BEGIN
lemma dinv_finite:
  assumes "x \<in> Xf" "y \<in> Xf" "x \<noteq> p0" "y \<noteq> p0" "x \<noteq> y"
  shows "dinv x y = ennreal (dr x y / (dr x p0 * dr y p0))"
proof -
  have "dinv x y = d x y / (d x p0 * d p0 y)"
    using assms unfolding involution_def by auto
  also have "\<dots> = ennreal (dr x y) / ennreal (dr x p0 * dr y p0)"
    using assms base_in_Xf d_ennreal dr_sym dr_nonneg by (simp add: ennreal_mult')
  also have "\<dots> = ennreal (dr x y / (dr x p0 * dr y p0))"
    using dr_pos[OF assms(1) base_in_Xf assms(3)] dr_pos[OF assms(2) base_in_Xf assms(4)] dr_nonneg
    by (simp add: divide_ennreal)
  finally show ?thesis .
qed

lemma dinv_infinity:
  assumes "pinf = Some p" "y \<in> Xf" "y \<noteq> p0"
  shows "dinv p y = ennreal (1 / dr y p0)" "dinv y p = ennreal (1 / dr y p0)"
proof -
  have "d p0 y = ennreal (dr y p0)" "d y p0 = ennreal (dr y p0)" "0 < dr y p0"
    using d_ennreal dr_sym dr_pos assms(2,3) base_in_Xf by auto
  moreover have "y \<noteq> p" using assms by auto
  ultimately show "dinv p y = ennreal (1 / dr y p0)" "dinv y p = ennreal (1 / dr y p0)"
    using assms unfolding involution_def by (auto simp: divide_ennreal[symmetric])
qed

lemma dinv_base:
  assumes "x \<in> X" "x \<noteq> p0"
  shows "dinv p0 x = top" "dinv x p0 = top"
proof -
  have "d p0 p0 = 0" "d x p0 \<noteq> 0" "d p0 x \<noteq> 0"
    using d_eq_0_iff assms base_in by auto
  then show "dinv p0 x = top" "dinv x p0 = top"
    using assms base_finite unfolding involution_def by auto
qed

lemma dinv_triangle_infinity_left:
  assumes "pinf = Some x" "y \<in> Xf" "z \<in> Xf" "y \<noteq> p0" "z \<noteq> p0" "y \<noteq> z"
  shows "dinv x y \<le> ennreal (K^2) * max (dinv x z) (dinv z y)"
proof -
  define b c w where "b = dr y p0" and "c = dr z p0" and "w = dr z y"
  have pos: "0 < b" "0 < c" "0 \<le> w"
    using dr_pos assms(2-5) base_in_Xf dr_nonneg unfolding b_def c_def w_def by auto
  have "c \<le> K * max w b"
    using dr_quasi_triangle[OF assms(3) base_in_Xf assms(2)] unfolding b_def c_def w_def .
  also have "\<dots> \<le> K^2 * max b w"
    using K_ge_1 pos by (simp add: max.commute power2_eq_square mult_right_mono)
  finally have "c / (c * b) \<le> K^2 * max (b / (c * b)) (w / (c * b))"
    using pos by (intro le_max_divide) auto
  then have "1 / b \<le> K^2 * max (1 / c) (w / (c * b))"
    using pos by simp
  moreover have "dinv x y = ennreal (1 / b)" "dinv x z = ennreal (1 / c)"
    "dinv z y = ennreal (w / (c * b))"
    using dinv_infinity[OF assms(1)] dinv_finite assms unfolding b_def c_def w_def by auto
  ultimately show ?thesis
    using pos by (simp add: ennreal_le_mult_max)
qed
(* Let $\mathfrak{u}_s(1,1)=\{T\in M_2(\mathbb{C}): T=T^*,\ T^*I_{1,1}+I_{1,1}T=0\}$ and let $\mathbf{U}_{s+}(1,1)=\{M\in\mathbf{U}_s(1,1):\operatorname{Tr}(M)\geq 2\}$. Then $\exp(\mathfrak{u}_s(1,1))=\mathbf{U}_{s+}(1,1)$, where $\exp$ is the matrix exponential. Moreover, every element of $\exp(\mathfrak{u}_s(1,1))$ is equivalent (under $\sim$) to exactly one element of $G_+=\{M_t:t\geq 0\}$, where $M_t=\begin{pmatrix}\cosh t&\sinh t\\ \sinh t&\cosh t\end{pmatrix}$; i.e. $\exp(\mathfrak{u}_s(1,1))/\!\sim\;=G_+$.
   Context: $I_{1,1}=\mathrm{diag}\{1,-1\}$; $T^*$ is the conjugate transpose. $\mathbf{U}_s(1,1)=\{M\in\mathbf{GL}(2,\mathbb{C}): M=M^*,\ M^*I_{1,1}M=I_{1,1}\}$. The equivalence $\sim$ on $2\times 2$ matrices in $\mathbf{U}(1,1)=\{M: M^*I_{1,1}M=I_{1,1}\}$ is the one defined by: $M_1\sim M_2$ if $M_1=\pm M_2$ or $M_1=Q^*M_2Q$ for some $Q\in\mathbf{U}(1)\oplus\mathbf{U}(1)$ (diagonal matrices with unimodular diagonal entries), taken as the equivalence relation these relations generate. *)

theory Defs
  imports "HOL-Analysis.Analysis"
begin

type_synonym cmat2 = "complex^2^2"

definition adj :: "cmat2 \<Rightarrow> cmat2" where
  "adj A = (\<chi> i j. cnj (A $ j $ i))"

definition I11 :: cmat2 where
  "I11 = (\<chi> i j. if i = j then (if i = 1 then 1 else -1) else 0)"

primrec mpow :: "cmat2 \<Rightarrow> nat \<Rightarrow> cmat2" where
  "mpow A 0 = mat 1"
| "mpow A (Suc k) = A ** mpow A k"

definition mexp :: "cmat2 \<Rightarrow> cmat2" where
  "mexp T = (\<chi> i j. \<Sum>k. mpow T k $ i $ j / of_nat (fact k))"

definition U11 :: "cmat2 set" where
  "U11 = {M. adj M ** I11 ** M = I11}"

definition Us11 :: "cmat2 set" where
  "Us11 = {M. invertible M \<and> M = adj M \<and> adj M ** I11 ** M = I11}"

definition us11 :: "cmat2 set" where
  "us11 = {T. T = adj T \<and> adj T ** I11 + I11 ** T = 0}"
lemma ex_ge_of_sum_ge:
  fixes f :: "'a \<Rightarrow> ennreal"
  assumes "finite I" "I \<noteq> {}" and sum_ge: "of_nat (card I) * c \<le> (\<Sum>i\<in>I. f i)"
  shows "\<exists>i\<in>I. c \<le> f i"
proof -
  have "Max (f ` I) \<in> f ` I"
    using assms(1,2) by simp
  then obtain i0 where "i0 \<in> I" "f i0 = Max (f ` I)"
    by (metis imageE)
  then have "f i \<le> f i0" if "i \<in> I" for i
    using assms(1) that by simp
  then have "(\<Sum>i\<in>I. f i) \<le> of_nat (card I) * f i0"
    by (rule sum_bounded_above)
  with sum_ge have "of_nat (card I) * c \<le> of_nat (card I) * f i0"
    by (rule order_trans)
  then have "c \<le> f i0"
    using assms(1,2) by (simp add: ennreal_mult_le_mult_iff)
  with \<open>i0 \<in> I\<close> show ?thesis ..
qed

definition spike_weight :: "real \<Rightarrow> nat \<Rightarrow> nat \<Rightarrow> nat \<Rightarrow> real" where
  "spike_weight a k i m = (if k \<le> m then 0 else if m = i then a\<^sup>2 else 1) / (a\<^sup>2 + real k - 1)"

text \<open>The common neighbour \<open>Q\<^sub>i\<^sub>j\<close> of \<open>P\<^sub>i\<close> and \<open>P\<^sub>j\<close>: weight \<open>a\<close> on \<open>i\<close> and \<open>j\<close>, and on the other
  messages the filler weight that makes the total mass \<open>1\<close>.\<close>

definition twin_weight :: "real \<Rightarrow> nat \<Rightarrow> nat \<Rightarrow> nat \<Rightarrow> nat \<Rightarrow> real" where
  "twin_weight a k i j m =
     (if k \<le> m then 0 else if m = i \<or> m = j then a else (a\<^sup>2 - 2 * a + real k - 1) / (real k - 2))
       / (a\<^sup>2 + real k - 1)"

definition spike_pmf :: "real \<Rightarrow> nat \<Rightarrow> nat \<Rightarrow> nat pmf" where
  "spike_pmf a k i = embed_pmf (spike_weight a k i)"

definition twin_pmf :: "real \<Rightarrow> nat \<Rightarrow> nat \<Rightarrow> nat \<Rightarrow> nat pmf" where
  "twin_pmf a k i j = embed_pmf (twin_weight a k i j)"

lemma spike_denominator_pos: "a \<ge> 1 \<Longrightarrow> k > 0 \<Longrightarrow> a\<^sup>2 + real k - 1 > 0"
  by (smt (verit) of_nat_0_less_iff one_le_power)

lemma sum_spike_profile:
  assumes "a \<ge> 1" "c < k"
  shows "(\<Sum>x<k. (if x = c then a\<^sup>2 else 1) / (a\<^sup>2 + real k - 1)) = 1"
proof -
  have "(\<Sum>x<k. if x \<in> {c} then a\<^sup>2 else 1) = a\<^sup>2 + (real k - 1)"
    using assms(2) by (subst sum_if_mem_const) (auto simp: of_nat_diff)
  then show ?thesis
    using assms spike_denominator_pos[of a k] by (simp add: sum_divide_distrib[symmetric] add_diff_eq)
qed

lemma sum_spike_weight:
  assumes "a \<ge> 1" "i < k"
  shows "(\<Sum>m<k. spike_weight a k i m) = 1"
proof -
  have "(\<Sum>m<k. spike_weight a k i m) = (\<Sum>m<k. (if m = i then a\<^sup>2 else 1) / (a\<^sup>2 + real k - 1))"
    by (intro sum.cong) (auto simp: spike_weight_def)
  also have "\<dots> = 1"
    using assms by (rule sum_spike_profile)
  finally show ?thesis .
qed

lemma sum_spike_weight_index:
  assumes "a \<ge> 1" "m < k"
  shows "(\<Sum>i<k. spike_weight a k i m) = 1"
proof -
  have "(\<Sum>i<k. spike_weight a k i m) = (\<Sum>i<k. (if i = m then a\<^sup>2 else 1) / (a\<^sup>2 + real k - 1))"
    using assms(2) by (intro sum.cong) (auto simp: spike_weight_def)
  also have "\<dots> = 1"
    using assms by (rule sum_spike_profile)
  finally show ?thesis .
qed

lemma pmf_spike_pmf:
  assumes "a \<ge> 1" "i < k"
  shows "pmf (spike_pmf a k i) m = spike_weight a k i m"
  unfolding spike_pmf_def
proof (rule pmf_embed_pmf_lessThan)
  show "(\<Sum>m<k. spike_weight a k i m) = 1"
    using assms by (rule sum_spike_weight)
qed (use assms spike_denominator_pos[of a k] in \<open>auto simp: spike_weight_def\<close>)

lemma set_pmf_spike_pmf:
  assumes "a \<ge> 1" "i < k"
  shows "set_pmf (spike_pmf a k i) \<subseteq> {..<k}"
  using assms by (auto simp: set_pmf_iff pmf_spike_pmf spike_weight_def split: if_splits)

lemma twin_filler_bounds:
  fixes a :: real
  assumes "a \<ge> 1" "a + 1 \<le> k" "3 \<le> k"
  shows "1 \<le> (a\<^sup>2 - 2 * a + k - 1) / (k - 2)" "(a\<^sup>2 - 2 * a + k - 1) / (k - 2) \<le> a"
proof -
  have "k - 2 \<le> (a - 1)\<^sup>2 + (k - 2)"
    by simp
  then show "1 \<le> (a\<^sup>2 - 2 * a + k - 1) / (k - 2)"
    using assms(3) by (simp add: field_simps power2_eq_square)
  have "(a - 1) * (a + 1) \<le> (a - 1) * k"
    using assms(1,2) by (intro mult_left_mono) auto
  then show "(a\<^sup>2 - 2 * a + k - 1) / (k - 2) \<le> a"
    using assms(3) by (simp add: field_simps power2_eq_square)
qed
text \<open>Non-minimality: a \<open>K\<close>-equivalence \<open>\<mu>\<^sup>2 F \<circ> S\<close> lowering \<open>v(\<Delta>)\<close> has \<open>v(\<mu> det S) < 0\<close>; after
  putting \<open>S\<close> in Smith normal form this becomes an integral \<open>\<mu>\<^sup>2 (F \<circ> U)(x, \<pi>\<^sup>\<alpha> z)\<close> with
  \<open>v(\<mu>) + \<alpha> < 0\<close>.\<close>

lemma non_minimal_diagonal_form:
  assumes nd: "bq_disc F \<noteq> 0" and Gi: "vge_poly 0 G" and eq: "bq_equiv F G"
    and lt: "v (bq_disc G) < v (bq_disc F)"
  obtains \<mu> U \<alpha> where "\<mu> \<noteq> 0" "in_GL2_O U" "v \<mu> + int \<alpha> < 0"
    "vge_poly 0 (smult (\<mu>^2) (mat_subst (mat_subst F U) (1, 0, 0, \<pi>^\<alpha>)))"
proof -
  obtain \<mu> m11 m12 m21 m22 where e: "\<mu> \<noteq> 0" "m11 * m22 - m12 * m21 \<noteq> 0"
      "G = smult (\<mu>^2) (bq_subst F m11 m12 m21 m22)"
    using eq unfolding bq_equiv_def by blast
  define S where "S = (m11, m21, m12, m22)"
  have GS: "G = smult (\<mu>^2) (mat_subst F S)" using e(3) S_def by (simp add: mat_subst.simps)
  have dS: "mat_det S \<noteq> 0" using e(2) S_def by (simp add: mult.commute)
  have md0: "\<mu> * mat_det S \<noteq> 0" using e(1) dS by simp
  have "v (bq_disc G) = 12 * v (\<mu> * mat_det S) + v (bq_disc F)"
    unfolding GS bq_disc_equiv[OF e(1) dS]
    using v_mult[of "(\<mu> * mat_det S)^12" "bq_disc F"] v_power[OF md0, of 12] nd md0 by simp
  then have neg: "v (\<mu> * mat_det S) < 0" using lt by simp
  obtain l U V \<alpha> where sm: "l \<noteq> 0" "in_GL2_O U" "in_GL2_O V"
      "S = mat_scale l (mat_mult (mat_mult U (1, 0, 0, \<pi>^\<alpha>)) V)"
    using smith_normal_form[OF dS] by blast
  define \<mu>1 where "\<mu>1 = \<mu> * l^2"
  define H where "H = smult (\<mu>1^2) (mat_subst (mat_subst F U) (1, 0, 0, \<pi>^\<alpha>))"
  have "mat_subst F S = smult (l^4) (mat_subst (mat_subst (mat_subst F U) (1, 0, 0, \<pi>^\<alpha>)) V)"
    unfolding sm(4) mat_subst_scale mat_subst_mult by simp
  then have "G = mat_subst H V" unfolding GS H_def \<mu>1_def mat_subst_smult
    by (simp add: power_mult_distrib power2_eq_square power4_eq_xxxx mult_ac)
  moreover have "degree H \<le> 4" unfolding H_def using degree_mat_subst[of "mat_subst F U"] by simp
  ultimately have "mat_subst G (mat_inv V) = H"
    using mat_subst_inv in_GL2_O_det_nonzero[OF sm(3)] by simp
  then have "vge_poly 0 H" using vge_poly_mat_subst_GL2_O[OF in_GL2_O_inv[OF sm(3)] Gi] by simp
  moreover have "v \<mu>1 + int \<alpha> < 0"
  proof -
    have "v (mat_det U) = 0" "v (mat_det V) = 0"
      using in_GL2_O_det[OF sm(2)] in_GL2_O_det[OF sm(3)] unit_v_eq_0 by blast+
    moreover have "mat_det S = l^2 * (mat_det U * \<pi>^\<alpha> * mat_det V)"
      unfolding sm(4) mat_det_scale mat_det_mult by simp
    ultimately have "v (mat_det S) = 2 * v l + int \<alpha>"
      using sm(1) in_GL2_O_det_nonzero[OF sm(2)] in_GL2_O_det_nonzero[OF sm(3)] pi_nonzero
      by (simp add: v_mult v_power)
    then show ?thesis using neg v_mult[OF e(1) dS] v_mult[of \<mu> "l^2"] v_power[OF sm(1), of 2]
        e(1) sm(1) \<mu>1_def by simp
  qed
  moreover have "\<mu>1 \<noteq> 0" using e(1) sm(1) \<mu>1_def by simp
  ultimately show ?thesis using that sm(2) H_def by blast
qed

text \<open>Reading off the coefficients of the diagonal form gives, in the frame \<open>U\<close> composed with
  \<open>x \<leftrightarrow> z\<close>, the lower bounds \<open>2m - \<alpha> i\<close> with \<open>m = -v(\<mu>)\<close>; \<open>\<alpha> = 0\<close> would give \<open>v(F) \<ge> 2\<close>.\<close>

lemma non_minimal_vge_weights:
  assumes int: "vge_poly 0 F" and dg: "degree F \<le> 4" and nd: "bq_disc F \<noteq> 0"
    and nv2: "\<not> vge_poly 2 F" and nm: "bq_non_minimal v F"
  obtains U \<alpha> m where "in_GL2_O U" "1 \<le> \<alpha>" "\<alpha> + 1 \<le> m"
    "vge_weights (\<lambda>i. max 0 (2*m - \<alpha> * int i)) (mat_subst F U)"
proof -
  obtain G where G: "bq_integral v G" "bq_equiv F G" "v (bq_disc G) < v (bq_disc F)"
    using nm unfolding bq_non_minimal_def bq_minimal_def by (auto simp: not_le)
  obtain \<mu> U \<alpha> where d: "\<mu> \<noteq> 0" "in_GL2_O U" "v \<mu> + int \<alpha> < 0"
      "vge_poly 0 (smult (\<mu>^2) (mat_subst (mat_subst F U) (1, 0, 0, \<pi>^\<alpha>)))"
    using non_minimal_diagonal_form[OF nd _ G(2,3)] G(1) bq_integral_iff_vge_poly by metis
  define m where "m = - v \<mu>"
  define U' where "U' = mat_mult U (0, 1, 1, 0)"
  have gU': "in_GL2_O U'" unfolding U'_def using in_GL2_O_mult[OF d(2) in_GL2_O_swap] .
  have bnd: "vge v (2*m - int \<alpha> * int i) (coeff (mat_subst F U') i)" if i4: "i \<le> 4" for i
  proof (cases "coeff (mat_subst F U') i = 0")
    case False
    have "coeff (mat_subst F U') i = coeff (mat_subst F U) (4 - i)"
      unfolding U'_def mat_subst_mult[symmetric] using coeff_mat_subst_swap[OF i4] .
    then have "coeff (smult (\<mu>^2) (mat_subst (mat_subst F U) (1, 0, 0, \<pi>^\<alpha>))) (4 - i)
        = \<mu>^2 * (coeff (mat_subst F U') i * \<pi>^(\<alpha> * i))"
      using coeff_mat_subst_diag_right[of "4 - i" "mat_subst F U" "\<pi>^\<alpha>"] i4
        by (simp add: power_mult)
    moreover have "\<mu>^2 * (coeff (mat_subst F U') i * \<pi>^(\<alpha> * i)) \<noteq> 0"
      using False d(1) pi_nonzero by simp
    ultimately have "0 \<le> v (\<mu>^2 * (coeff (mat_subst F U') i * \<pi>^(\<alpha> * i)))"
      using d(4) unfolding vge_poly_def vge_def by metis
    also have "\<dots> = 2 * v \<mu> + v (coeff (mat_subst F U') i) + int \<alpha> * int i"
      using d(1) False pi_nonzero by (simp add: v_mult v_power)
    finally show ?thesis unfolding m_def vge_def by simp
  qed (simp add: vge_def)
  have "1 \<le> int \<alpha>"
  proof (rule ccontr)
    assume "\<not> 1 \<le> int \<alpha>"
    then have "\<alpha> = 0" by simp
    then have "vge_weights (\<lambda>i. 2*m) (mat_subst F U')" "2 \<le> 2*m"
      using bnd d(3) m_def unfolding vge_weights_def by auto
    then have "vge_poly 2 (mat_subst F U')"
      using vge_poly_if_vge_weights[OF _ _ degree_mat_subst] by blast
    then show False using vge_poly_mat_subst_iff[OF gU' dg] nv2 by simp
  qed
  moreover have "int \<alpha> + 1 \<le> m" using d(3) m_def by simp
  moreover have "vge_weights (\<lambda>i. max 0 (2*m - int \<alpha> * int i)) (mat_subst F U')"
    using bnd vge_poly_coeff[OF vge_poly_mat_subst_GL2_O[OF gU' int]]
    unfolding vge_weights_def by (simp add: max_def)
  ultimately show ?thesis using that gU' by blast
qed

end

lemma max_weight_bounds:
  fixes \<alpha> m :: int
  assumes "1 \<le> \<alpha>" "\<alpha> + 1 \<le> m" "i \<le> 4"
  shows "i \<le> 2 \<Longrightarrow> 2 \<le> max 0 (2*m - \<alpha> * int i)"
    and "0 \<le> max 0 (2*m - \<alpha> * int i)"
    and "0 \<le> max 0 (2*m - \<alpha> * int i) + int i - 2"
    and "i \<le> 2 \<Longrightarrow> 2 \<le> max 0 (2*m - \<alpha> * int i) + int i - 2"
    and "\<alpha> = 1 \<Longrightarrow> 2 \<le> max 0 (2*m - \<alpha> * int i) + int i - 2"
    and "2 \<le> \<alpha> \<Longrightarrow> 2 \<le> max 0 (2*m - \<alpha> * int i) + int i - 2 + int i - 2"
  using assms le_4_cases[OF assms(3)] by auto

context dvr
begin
END
→ Required action: Read the listing. Report every line that includes the word "Longrightarrow".

→ Answer to this task:
lemma spike_denominator_pos: "a \<ge> 1 \<Longrightarrow> k > 0 \<Longrightarrow> a\<^sup>2 + real k - 1 > 0"
  shows "i \<le> 2 \<Longrightarrow> 2 \<le> max 0 (2*m - \<alpha> * int i)"
    and "i \<le> 2 \<Longrightarrow> 2 \<le> max 0 (2*m - \<alpha> * int i) + int i - 2"
    and "\<alpha> = 1 \<Longrightarrow> 2 \<le> max 0 (2*m - \<alpha> * int i) + int i - 2"
    and "2 \<le> \<alpha> \<Longrightarrow> 2 \<le> max 0 (2*m - \<alpha> * int i) + int i - 2 + int i - 2"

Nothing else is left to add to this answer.